Dataset entries:
(* Let $a,b\ge 2$ be integers and let $G=\mathrm{Sym}(a)\wr\mathrm{Sym}(b)$ with its imprimitive action on $ab$ points. Then \[ \mathbf{m}(G)=\begin{cases} a+b-2 & \text{if } a=3 \text{ and } b \text{ is odd, or } b=3 \text{ and } a \text{ is odd},\\ a+b-1 & \text{otherwise.}\end{cases} \] In particular, if $G$ is a transitive imprimitive permutation group with a block system consisting of $b$ blocks each containing $a$ points, then $\mathbf{m}(G)\le a+b-1$.
   Context: The imprimitive action of $\mathrm{Sym}(a)\wr\mathrm{Sym}(b)$ is on $[a]\times[b]$, with the base group $\mathrm{Sym}(a)^b$ acting coordinatewise within the blocks $[a]\times\{j\}$ and $\mathrm{Sym}(b)$ permuting the blocks. For a transitive permutation group $X$ on a finite set $\Omega$ with $|\Omega|\ge2$, a subset $A\subseteq\Omega$ is self-separable for $X$ if there exists $x\in X$ with $A\cap A^x=\emptyset$; $\mathbf{m}(X)$ is the minimum cardinality of a subset of $\Omega$ that is not self-separable for $X$. *)

theory Defs
  imports "HOL-Combinatorics.Permutations"
begin

definition self_separable :: "('a \<Rightarrow> 'a) set \<Rightarrow> 'a set \<Rightarrow> bool" where
  "self_separable X A \<longleftrightarrow> (\<exists>x\<in>X. A \<inter> x ` A = {})"

definition min_nonsep :: "('a \<Rightarrow> 'a) set \<Rightarrow> 'a set \<Rightarrow> nat" where
  "min_nonsep X \<Omega> = (LEAST k. \<exists>A \<subseteq> \<Omega>. card A = k \<and> \<not> self_separable X A)"

text \<open>Sym(a) wr Sym(b) in its imprimitive action on [a] x [b] (points {0..<a} x {0..<b}):
  (i,j) is sent to (tau_j(i), sigma(j)).\<close>
definition wreath_imprim :: "nat \<Rightarrow> nat \<Rightarrow> (nat \<times> nat \<Rightarrow> nat \<times> nat) set" where
  "wreath_imprim a b = {f. \<exists>\<sigma> \<tau>. \<sigma> permutes {0..<b} \<and> (\<forall>j. \<tau> j permutes {0..<a}) \<and>
      f = (\<lambda>(i,j). if i < a \<and> j < b then (\<tau> j i, \<sigma> j) else (i,j))}"

definition perm_group_on :: "('a \<Rightarrow> 'a) set \<Rightarrow> 'a set \<Rightarrow> bool" where
  "perm_group_on G \<Omega> \<longleftrightarrow> G \<noteq> {} \<and> (\<forall>g\<in>G. g permutes \<Omega>) \<and>
     (\<forall>g\<in>G. \<forall>h\<in>G. g \<circ> h \<in> G) \<and> (\<forall>g\<in>G. inv g \<in> G)"

definition transitive_on :: "('a \<Rightarrow> 'a) set \<Rightarrow> 'a set \<Rightarrow> bool" where
  "transitive_on G \<Omega> \<longleftrightarrow> (\<forall>x\<in>\<Omega>. \<forall>y\<in>\<Omega>. \<exists>g\<in>G. g x = y)"

definition block_system :: "('a \<Rightarrow> 'a) set \<Rightarrow> 'a set \<Rightarrow> 'a set set \<Rightarrow> bool" where
  "block_system G \<Omega> \<B> \<longleftrightarrow> \<Union>\<B> = \<Omega> \<and> {} \<notin> \<B> \<and>
     (\<forall>B1\<in>\<B>. \<forall>B2\<in>\<B>. B1 \<noteq> B2 \<longrightarrow> B1 \<inter> B2 = {}) \<and>
     (\<forall>g\<in>G. \<forall>B\<in>\<B>. g ` B \<in> \<B>)"

end

theory Submission
  imports Defs
begin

WORK REQUEST:
Output all records verbatim.

RESPONSE:
(* Let $a,b\ge 2$ be integers and let $G=\mathrm{Sym}(a)\wr\mathrm{Sym}(b)$ with its imprimitive action on $ab$ points. Then \[ \mathbf{m}(G)=\begin{cases} a+b-2 & \text{if } a=3 \text{ and } b \text{ is odd, or } b=3 \text{ and } a \text{ is odd},\\ a+b-1 & \text{otherwise.}\end{cases} \] In particular, if $G$ is a transitive imprimitive permutation group with a block system consisting of $b$ blocks each containing $a$ points, then $\mathbf{m}(G)\le a+b-1$.
   Context: The imprimitive action of $\mathrm{Sym}(a)\wr\mathrm{Sym}(b)$ is on $[a]\times[b]$, with the base group $\mathrm{Sym}(a)^b$ acting coordinatewise within the blocks $[a]\times\{j\}$ and $\mathrm{Sym}(b)$ permuting the blocks. For a transitive permutation group $X$ on a finite set $\Omega$ with $|\Omega|\ge2$, a subset $A\subseteq\Omega$ is self-separable for $X$ if there exists $x\in X$ with $A\cap A^x=\emptyset$; $\mathbf{m}(X)$ is the minimum cardinality of a subset of $\Omega$ that is not self-separable for $X$. *)

theory Defs
  imports "HOL-Combinatorics.Permutations"
begin

definition self_separable :: "('a \<Rightarrow> 'a) set \<Rightarrow> 'a set \<Rightarrow> bool" where
  "self_separable X A \<longleftrightarrow> (\<exists>x\<in>X. A \<inter> x ` A = {})"

definition min_nonsep :: "('a \<Rightarrow> 'a) set \<Rightarrow> 'a set \<Rightarrow> nat" where
  "min_nonsep X \<Omega> = (LEAST k. \<exists>A \<subseteq> \<Omega>. card A = k \<and> \<not> self_separable X A)"

text \<open>Sym(a) wr Sym(b) in its imprimitive action on [a] x [b] (points {0..<a} x {0..<b}):
  (i,j) is sent to (tau_j(i), sigma(j)).\<close>
definition wreath_imprim :: "nat \<Rightarrow> nat \<Rightarrow> (nat \<times> nat \<Rightarrow> nat \<times> nat) set" where
  "wreath_imprim a b = {f. \<exists>\<sigma> \<tau>. \<sigma> permutes {0..<b} \<and> (\<forall>j. \<tau> j permutes {0..<a}) \<and>
      f = (\<lambda>(i,j). if i < a \<and> j < b then (\<tau> j i, \<sigma> j) else (i,j))}"

definition perm_group_on :: "('a \<Rightarrow> 'a) set \<Rightarrow> 'a set \<Rightarrow> bool" where
  "perm_group_on G \<Omega> \<longleftrightarrow> G \<noteq> {} \<and> (\<forall>g\<in>G. g permutes \<Omega>) \<and>
     (\<forall>g\<in>G. \<forall>h\<in>G. g \<circ> h \<in> G) \<and> (\<forall>g\<in>G. inv g \<in> G)"

definition transitive_on :: "('a \<Rightarrow> 'a) set \<Rightarrow> 'a set \<Rightarrow> bool" where
  "transitive_on G \<Omega> \<longleftrightarrow> (\<forall>x\<in>\<Omega>. \<forall>y\<in>\<Omega>. \<exists>g\<in>G. g x = y)"

definition block_system :: "('a \<Rightarrow> 'a) set \<Rightarrow> 'a set \<Rightarrow> 'a set set \<Rightarrow> bool" where
  "block_system G \<Omega> \<B> \<longleftrightarrow> \<Union>\<B> = \<Omega> \<and> {} \<notin> \<B> \<and>
     (\<forall>B1\<in>\<B>. \<forall>B2\<in>\<B>. B1 \<noteq> B2 \<longrightarrow> B1 \<inter> B2 = {}) \<and>
     (\<forall>g\<in>G. \<forall>B\<in>\<B>. g ` B \<in> \<B>)"

end

theory Submission
  imports Defs
begin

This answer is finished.